- [Requirement] Which lines of the entries below contain the string "also"? Copy each one.

- [Records supplied]
text \<open>Since \<open>|\<lambda>|\<^sub>i \<ge> |\<lambda>|\<close>, the term of \<open>\<lambda>\<close> is at most the product of \<open>c \<bar>q\<bar>\<^sup>k\<close> over the
parts \<open>k\<close> of \<open>\<lambda>\<close>, where \<open>c = max 1 \<bar>x\<bar>\<close>; as a strict partition is determined by its set
of parts, every finite partial sum is then bounded by \<open>\<Prod>\<^sub>k (1 + c \<bar>q\<bar>\<^sup>k)\<close>.\<close>
lemma summable_on_strict_partitions:
  fixes x q :: complex
  assumes "norm q < 1"
  shows "(\<lambda>lam. x ^ length lam * q ^ wsize i lam) summable_on strict_partitions"
proof -
  define c where "c = max 1 (norm x)"
  define a where "a k = c * norm q ^ k" for k
  have a_nonneg: "0 \<le> a k" for k unfolding a_def c_def by simp
  have "summable a"
    unfolding a_def using assms by (intro summable_mult summable_geometric) simp
  have term_le: "norm (x ^ length lam * q ^ wsize i lam) \<le> (\<Prod>k\<in>set lam. a k)"
    if "lam \<in> strict_partitions" for lam
  proof -
    have "norm (x ^ length lam * q ^ wsize i lam) = norm x ^ length lam * norm q ^ wsize i lam"
      by (simp add: norm_mult norm_power)
    also have "\<dots> \<le> c ^ length lam * norm q ^ sum_list lam"
      using assms wsize_ge_sum_list[of lam i]
      by (intro mult_mono power_mono power_decreasing) (auto simp: c_def)
    also have "\<dots> = (\<Prod>k\<in>set lam. a k)"
      using strict_partitions_distinct[OF that]
      by (simp add: a_def prod.distrib power_sum distinct_card distinct_sum_list_conv_Sum)
    finally show ?thesis .
  qed
  have bound: "(\<Sum>lam\<in>F. norm (x ^ length lam * q ^ wsize i lam)) \<le> exp (\<Sum>k. a k)"
    if "finite F" "F \<subseteq> strict_partitions" for F
  proof -
    have "(\<Sum>lam\<in>F. norm (x ^ length lam * q ^ wsize i lam)) \<le> (\<Sum>lam\<in>F. \<Prod>k\<in>set lam. a k)"
      using that term_le by (intro sum_mono) auto
    also have "\<dots> = (\<Sum>S\<in>set ` F. \<Prod>k\<in>S. a k)"
      using inj_on_subset[OF inj_on_set_strict_partitions that(2)] by (simp add: sum.reindex)
    also have "\<dots> \<le> exp (\<Sum>k. a k)"
      using that(1) by (intro sum_prod_le_exp_suminf a_nonneg \<open>summable a\<close>) auto
    finally show ?thesis .
  qed
  have "(\<lambda>lam. norm (x ^ length lam * q ^ wsize i lam)) summable_on strict_partitions"
    by (rule nonneg_bdd_above_summable_on) (use bound in \<open>auto intro!: bdd_aboveI\<close>)
  then show ?thesis by (rule abs_summable_summable)
qed

definition Fgen_parity :: "nat \<Rightarrow> bool \<Rightarrow> complex \<Rightarrow> complex \<Rightarrow> complex" where
  "Fgen_parity i b x q =
    (\<Sum>\<^sub>\<infinity>lam\<in>{lam \<in> strict_partitions. even (length lam + i) = b}. x ^ length lam * q ^ wsize i lam)"

lemma has_sum_Fgen_parity:
  assumes "norm q < 1"
  shows "((\<lambda>lam. x ^ length lam * q ^ wsize i lam) has_sum Fgen_parity i b x q)
    {lam \<in> strict_partitions. even (length lam + i) = b}"
  unfolding Fgen_parity_def
  by (rule has_sum_infsum, rule summable_on_subset_banach[OF summable_on_strict_partitions[OF assms]]) auto

lemma Fgen_eq_Fgen_parity:
  assumes "norm q < 1"
  shows "Fgen i x q = Fgen_parity i True x q + Fgen_parity i False x q"
proof -
  have "((\<lambda>lam. x ^ length lam * q ^ wsize i lam) has_sum
      (Fgen_parity i True x q + Fgen_parity i False x q))
      ({lam \<in> strict_partitions. even (length lam + i) = True}
        \<union> {lam \<in> strict_partitions. even (length lam + i) = False})"
    by (rule has_sum_Un_disjoint[OF has_sum_Fgen_parity[OF assms] has_sum_Fgen_parity[OF assms]]) auto
  moreover have "{lam \<in> strict_partitions. even (length lam + i) = True}
      \<union> {lam \<in> strict_partitions. even (length lam + i) = False} = strict_partitions"
    by auto
  ultimately show ?thesis unfolding Fgen_def by (simp add: infsumI)
qed

lemma term_shift_append:
  fixes x q :: "'a::comm_monoid_mult"
  shows "x ^ length (map (\<lambda>p. p + 2) mu @ c) * q ^ wsize i (map (\<lambda>p. p + 2) mu @ c) =
    x ^ length c * q ^ (\<Sum>j<length c. row_weight i (length mu + j) (c ! j))
      * ((x * q ^ 3) ^ length mu * q ^ wsize i mu)"
  unfolding wsize_append wsize_map_add_2 length_append length_map power_add power_mult_distrib
    power_mult[of q 3]
  by (simp add: ac_simps)

lemma Fgen_parity_recurrence:
  assumes q: "norm q < 1"
  shows "Fgen_parity i b x q =
    (1 + x^2 * q^(if b then 4 else 5)) * Fgen_parity i b (x * q^3) q
    + x * (q^(if b then 1 else 2) + q^3) * Fgen_parity i (\<not> b) (x * q^3) q"
proof -
  define g where "g y lam = y ^ length lam * q ^ wsize i lam" for y lam
  define F where "F b' = Fgen_parity i b' (x * q^3) q" for b'
  define s :: "nat list \<Rightarrow> complex" where
    "s c = (if c = [] then F b else if c = [2] then x * q^3 * F (\<not> b)
      else if c = [1] then x * q^(if b then 1 else 2) * F (\<not> b)
      else x^2 * q^(if b then 4 else 5) * F b)" for c
  have piece: "((\<lambda>mu. g x (map (\<lambda>p. p + 2) mu @ c)) has_sum k * F b')
      {mu \<in> strict_partitions. even (length mu + length c + i) = b}"
    if set_eq: "{mu \<in> strict_partitions. even (length mu + length c + i) = b}
        = {mu \<in> strict_partitions. even (length mu + i) = b'}"
    and term_eq: "\<And>mu. even (length mu + i) = b' \<Longrightarrow> g x (map (\<lambda>p. p + 2) mu @ c) = k * g (x * q^3) mu"
    for c k b'
  proof -
    have "((\<lambda>mu. k * g (x * q^3) mu) has_sum k * F b') {mu \<in> strict_partitions. even (length mu + i) = b'}"
      unfolding g_def F_def by (rule has_sum_cmult_right[OF has_sum_Fgen_parity[OF q]])
    then show ?thesis
      unfolding set_eq by (rule has_sum_cong[THEN iffD1, rotated]) (metis (mono_tags) mem_Collect_eq term_eq)
  qed
  have "((\<lambda>mu. g x (map (\<lambda>p. p + 2) mu @ c)) has_sum s c)
      {mu \<in> strict_partitions. even (length mu + length c + i) = b}"
    if "c \<in> {[], [2], [1], [2, 1]}" for c
    using that
  proof (elim insertE emptyE)
    assume c: "c = []"
    have "((\<lambda>mu. g x (map (\<lambda>p. p + 2) mu @ [])) has_sum 1 * F b)
        {mu \<in> strict_partitions. even (length mu + length ([] :: nat list) + i) = b}"
      by (rule piece, unfold g_def term_shift_append) auto
    then show ?thesis using c by (simp add: s_def)
  next
    assume c: "c = [2]"
    have "((\<lambda>mu. g x (map (\<lambda>p. p + 2) mu @ [2])) has_sum x * q^3 * F (\<not> b))
        {mu \<in> strict_partitions. even (length mu + length [2 :: nat] + i) = b}"
      by (rule piece, unfold g_def term_shift_append) (auto simp: row_weight_2)
    then show ?thesis using c by (simp add: s_def)
  next
    assume c: "c = [1]"
    have "((\<lambda>mu. g x (map (\<lambda>p. p + 2) mu @ [1])) has_sum x * q^(if b then 1 else 2) * F (\<not> b))
        {mu \<in> strict_partitions. even (length mu + length [1 :: nat] + i) = b}"
      by (rule piece, unfold g_def term_shift_append) (auto simp: row_weight_Suc_0)
    then show ?thesis using c by (simp add: s_def)
  next
    assume c: "c = [2, 1]"
    have "((\<lambda>mu. g x (map (\<lambda>p. p + 2) mu @ [2, 1])) has_sum x^2 * q^(if b then 4 else 5) * F b)
        {mu \<in> strict_partitions. even (length mu + length [2, 1 :: nat] + i) = b}"
      by (rule piece, unfold g_def term_shift_append) (auto simp: row_weight_Suc_0 row_weight_2 power2_eq_square)
    then show ?thesis using c by (simp add: s_def)
  qed
  from has_sum_strict_partitions_decompose[where P = "\<lambda>n. even (n + i) = b", OF this]
  have "(g x has_sum F b + x * q^3 * F (\<not> b) + x * q^(if b then 1 else 2) * F (\<not> b)
      + x^2 * q^(if b then 4 else 5) * F b) {lam \<in> strict_partitions. even (length lam + i) = b}"
    by (simp add: s_def add.assoc)
  then have "Fgen_parity i b x q = F b + x * q^3 * F (\<not> b) + x * q^(if b then 1 else 2) * F (\<not> b)
      + x^2 * q^(if b then 4 else 5) * F b"
    unfolding Fgen_parity_def g_def by (rule infsumI)
  then show ?thesis unfolding F_def by (simp add: algebra_simps)
qed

- [Solution to this problem]
    also have "\<dots> \<le> c ^ length lam * norm q ^ sum_list lam"
    also have "\<dots> = (\<Prod>k\<in>set lam. a k)"
    also have "\<dots> = (\<Sum>S\<in>set ` F. \<Prod>k\<in>S. a k)"
    also have "\<dots> \<le> exp (\<Sum>k. a k)"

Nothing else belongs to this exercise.